• Task input:

(* Let $\boldsymbol{x}=\{x_1,\dots,x_n\}$, let $\mathcal F_c(\boldsymbol{x})$ be the free commutative loop on $\boldsymbol{x}$, let $L$ be a commutative loop with identity $1$, let $\alpha\colon\mathcal F_c(\boldsymbol{x})\to L$ be a surjective homomorphism, and let $A$, $(L,A)$, $\delta$, $\psi$ and reduced words be as in the context. Let $w,w'\in W(\boldsymbol{x})$ be reduced words such that (i) $w'\notin\mathrm{Comp}(w)$; (ii) $\alpha(w)=\alpha(w')$; (iii) whenever $u,v\in\mathrm{Comp}(w)\cup\mathrm{Comp}(w')$ satisfy $\alpha(u)=\alpha(v)$, either $u=v$ or $\{u,v\}=\{w,w'\}$. Then there exists a free generator of $A$ (either some $x_i$ or some $\langle l_1,l_2\rangle$) whose coefficient in $\psi(w)$ is $0$ and whose coefficient in $\psi(w')$ is $\pm1$.
   Context: Words: $W(\boldsymbol{x})$ is the set of formal expressions defined recursively to contain $e$ and every $x_i$, and, with $u,v$, the expressions $uv$, $u\backslash v$, $u/v$ (the free algebra on $\boldsymbol{x}$ with one nullary and three binary operations). Components: $\mathrm{Comp}(e)=\{e\}$, $\mathrm{Comp}(x_i)=\{e,x_i\}$, and $\mathrm{Comp}(w)=\mathrm{Comp}(u)\cup\mathrm{Comp}(v)\cup\{w\}$ if $w$ is $uv$, $u\backslash v$ or $u/v$. Fix a total order $<$ on $W(\boldsymbol{x})$. A word is reduced if none of its components is of one of the forms: $uv$ with $u<v$; $u/v$; $(v\backslash u)\backslash u$; $v\backslash(uv)$; $u\backslash(uv)$; $(u\backslash v)u$; $ev$; $u(u\backslash v)$; $e\backslash v$; $ue$; $v\backslash v$. Each word $w$ determines an element of $\mathcal F_c(\boldsymbol{x})$ (interpreting $e$ as the identity, and $\backslash,/$ as left and right division $a\backslash b=L_a^{-1}b$, $b/a=R_a^{-1}b$), and $\alpha(w)$, $\psi(w)$ refer to this element. Let $A$ be the free abelian group with free generators the symbols $x_1,\dots,x_n$ and the symbols $\langle l_1,l_2\rangle$ for $l_1,l_2\in L\setminus\{1\}$, where $\langle l_1,l_2\rangle=\langle l_2,l_1\rangle$; set $\langle l,1\rangle=\langle1,l\rangle=0$. Let $(L,A)$ be the set $L\times A$ with product $(l_1,a_1)(l_2,a_2)=(l_1l_2,\,a_1+a_2+\langle l_1,l_2\rangle)$, a commutative loop. Let $\delta\colon\mathcal F_c(\boldsymbol{x})\to(L,A)$ be the homomorphism with $\delta(x_i)=(\alpha(x_i),x_i)$; then $\delta(w)=(\alpha(w),\psi(w))$, which defines $\psi\colon\mathcal F_c(\boldsymbol{x})\to A$. *)

theory Defs
  imports Main "HOL-Library.Uprod"
begin

datatype word = E | Var nat | Mul word word | LDiv word word | RDiv word word
  (* Mul u v = uv,  LDiv u v = u\v,  RDiv u v = u/v *)

fun vars :: "word \<Rightarrow> nat set" where
  "vars E = {}"
| "vars (Var i) = {i}"
| "vars (Mul u v) = vars u \<union> vars v"
| "vars (LDiv u v) = vars u \<union> vars v"
| "vars (RDiv u v) = vars u \<union> vars v"

definition words_over :: "nat \<Rightarrow> word set" where
  "words_over n = {w. vars w \<subseteq> {1..n}}"

fun Comp :: "word \<Rightarrow> word set" where
  "Comp E = {E}"
| "Comp (Var i) = {E, Var i}"
| "Comp (Mul u v) = Comp u \<union> Comp v \<union> {Mul u v}"
| "Comp (LDiv u v) = Comp u \<union> Comp v \<union> {LDiv u v}"
| "Comp (RDiv u v) = Comp u \<union> Comp v \<union> {RDiv u v}"

definition strict_total_order_on :: "word set \<Rightarrow> (word \<Rightarrow> word \<Rightarrow> bool) \<Rightarrow> bool" where
  "strict_total_order_on S lt \<longleftrightarrow>
     (\<forall>u\<in>S. \<not> lt u u) \<and>
     (\<forall>u\<in>S. \<forall>v\<in>S. \<forall>z\<in>S. lt u v \<longrightarrow> lt v z \<longrightarrow> lt u z) \<and>
     (\<forall>u\<in>S. \<forall>v\<in>S. u \<noteq> v \<longrightarrow> lt u v \<or> lt v u)"

definition forbidden :: "(word \<Rightarrow> word \<Rightarrow> bool) \<Rightarrow> word \<Rightarrow> bool" where
  "forbidden lt c \<longleftrightarrow>
     (\<exists>u v. c = Mul u v \<and> lt u v) \<or>
     (\<exists>u v. c = RDiv u v) \<or>
     (\<exists>u v. c = LDiv (LDiv v u) u) \<or>
     (\<exists>u v. c = LDiv v (Mul u v)) \<or>
     (\<exists>u v. c = LDiv u (Mul u v)) \<or>
     (\<exists>u v. c = Mul (LDiv u v) u) \<or>
     (\<exists>v. c = Mul E v) \<or>
     (\<exists>u v. c = Mul u (LDiv u v)) \<or>
     (\<exists>v. c = LDiv E v) \<or>
     (\<exists>u. c = Mul u E) \<or>
     (\<exists>v. c = LDiv v v)"

definition reduced :: "(word \<Rightarrow> word \<Rightarrow> bool) \<Rightarrow> word \<Rightarrow> bool" where
  "reduced lt w \<longleftrightarrow> (\<forall>c\<in>Comp w. \<not> forbidden lt c)"

definition comm_loop :: "'l set \<Rightarrow> ('l \<Rightarrow> 'l \<Rightarrow> 'l) \<Rightarrow> 'l \<Rightarrow> bool" where
  "comm_loop C m one \<longleftrightarrow>
     one \<in> C \<and>
     (\<forall>a\<in>C. \<forall>b\<in>C. m a b \<in> C) \<and>
     (\<forall>a\<in>C. m one a = a \<and> m a one = a) \<and>
     (\<forall>a\<in>C. \<forall>b\<in>C. \<exists>!x. x \<in> C \<and> m a x = b) \<and>
     (\<forall>a\<in>C. \<forall>b\<in>C. \<exists>!y. y \<in> C \<and> m y a = b) \<and>
     (\<forall>a\<in>C. \<forall>b\<in>C. m a b = m b a)"

definition ldiv :: "'l set \<Rightarrow> ('l \<Rightarrow> 'l \<Rightarrow> 'l) \<Rightarrow> 'l \<Rightarrow> 'l \<Rightarrow> 'l" where
  "ldiv C m a b = (THE x. x \<in> C \<and> m a x = b)"

definition rdiv :: "'l set \<Rightarrow> ('l \<Rightarrow> 'l \<Rightarrow> 'l) \<Rightarrow> 'l \<Rightarrow> 'l \<Rightarrow> 'l" where
  "rdiv C m b a = (THE y. y \<in> C \<and> m y a = b)"

fun eval :: "'l set \<Rightarrow> ('l \<Rightarrow> 'l \<Rightarrow> 'l) \<Rightarrow> 'l \<Rightarrow> (nat \<Rightarrow> 'l) \<Rightarrow> word \<Rightarrow> 'l" where
  "eval C m one g E = one"
| "eval C m one g (Var i) = g i"
| "eval C m one g (Mul u v) = m (eval C m one g u) (eval C m one g v)"
| "eval C m one g (LDiv u v) = ldiv C m (eval C m one g u) (eval C m one g v)"
| "eval C m one g (RDiv u v) = rdiv C m (eval C m one g u) (eval C m one g v)"

text \<open>Free generators of A: the symbols x_i (i = 1..n) and <l1,l2> (unordered, l1,l2 in L - {1}).\<close>
datatype 'l gen = GX nat | GP "'l uprod"

definition valid_gen :: "nat \<Rightarrow> 'l set \<Rightarrow> 'l \<Rightarrow> 'l gen \<Rightarrow> bool" where
  "valid_gen n C one g \<longleftrightarrow>
     (\<exists>i. 1 \<le> i \<and> i \<le> n \<and> g = GX i) \<or>
     (\<exists>l1 l2. l1 \<in> C - {one} \<and> l2 \<in> C - {one} \<and> g = GP (Upair l1 l2))"

definition A_carrier :: "nat \<Rightarrow> 'l set \<Rightarrow> 'l \<Rightarrow> ('l gen \<Rightarrow> int) set" where
  "A_carrier n C one = {f. finite {g. f g \<noteq> 0} \<and> (\<forall>g. f g \<noteq> 0 \<longrightarrow> valid_gen n C one g)}"

definition basis :: "'l gen \<Rightarrow> ('l gen \<Rightarrow> int)" where
  "basis g = (\<lambda>h. if h = g then 1 else 0)"
(* Let $\alpha > 0$, $\beta > 0$, $T > 0$, and $\tau > 0$ with $T/\tau \in \mathbb{N}$. For $u \in \mathrm{H}^1(0,T)$ let $v$ be its upwinded interpolant on $[0,T]$. Then there is a constant $C$, independent of $\alpha$ and $\tau$, such that $$\int_0^T | u - v|^2 \leq C \tau^2 \int_0^T |\dot u|^2,$$ where $\dot u$ denotes the derivative of $u$.
   Context: Given $\alpha, \beta > 0$ and the mesh of nodes $k\tau$, the upwinded interpolant of a continuous function $u$ is the unique continuous function $v$ with $v(k\tau) = u(k\tau)$ at every node and which, on each mesh interval $[k\tau, (k+1)\tau]$, is of the form $v(t) = c_1 + c_2 \exp(-\beta t/\alpha)$ for constants $c_1, c_2$ (depending on the interval). *)

theory Defs
  imports "HOL-Analysis.Analysis"
begin

definition upwinded_interpolant ::
  "real \<Rightarrow> real \<Rightarrow> real \<Rightarrow> real \<Rightarrow> (real \<Rightarrow> real) \<Rightarrow> (real \<Rightarrow> real) \<Rightarrow> bool" where
  "upwinded_interpolant \<alpha> \<beta> \<tau> T u v \<longleftrightarrow>
     continuous_on {0..T} v \<and>
     (\<forall>k::nat. real k * \<tau> \<le> T \<longrightarrow> v (real k * \<tau>) = u (real k * \<tau>)) \<and>
     (\<forall>k::nat. real (Suc k) * \<tau> \<le> T \<longrightarrow>
        (\<exists>c1 c2. \<forall>t\<in>{real k * \<tau> .. real (Suc k) * \<tau>}.
            v t = c1 + c2 * exp (- \<beta> * t / \<alpha>)))"

end

theory Submission
  imports Defs
begin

• What to work on: Pull every line that holds the string "beta" out of the records.

• Answer for this exercise:
(* Let $\alpha > 0$, $\beta > 0$, $T > 0$, and $\tau > 0$ with $T/\tau \in \mathbb{N}$. For $u \in \mathrm{H}^1(0,T)$ let $v$ be its upwinded interpolant on $[0,T]$. Then there is a constant $C$, independent of $\alpha$ and $\tau$, such that $$\int_0^T | u - v|^2 \leq C \tau^2 \int_0^T |\dot u|^2,$$ where $\dot u$ denotes the derivative of $u$.
   Context: Given $\alpha, \beta > 0$ and the mesh of nodes $k\tau$, the upwinded interpolant of a continuous function $u$ is the unique continuous function $v$ with $v(k\tau) = u(k\tau)$ at every node and which, on each mesh interval $[k\tau, (k+1)\tau]$, is of the form $v(t) = c_1 + c_2 \exp(-\beta t/\alpha)$ for constants $c_1, c_2$ (depending on the interval). *)
  "upwinded_interpolant \<alpha> \<beta> \<tau> T u v \<longleftrightarrow>
            v t = c1 + c2 * exp (- \<beta> * t / \<alpha>)))"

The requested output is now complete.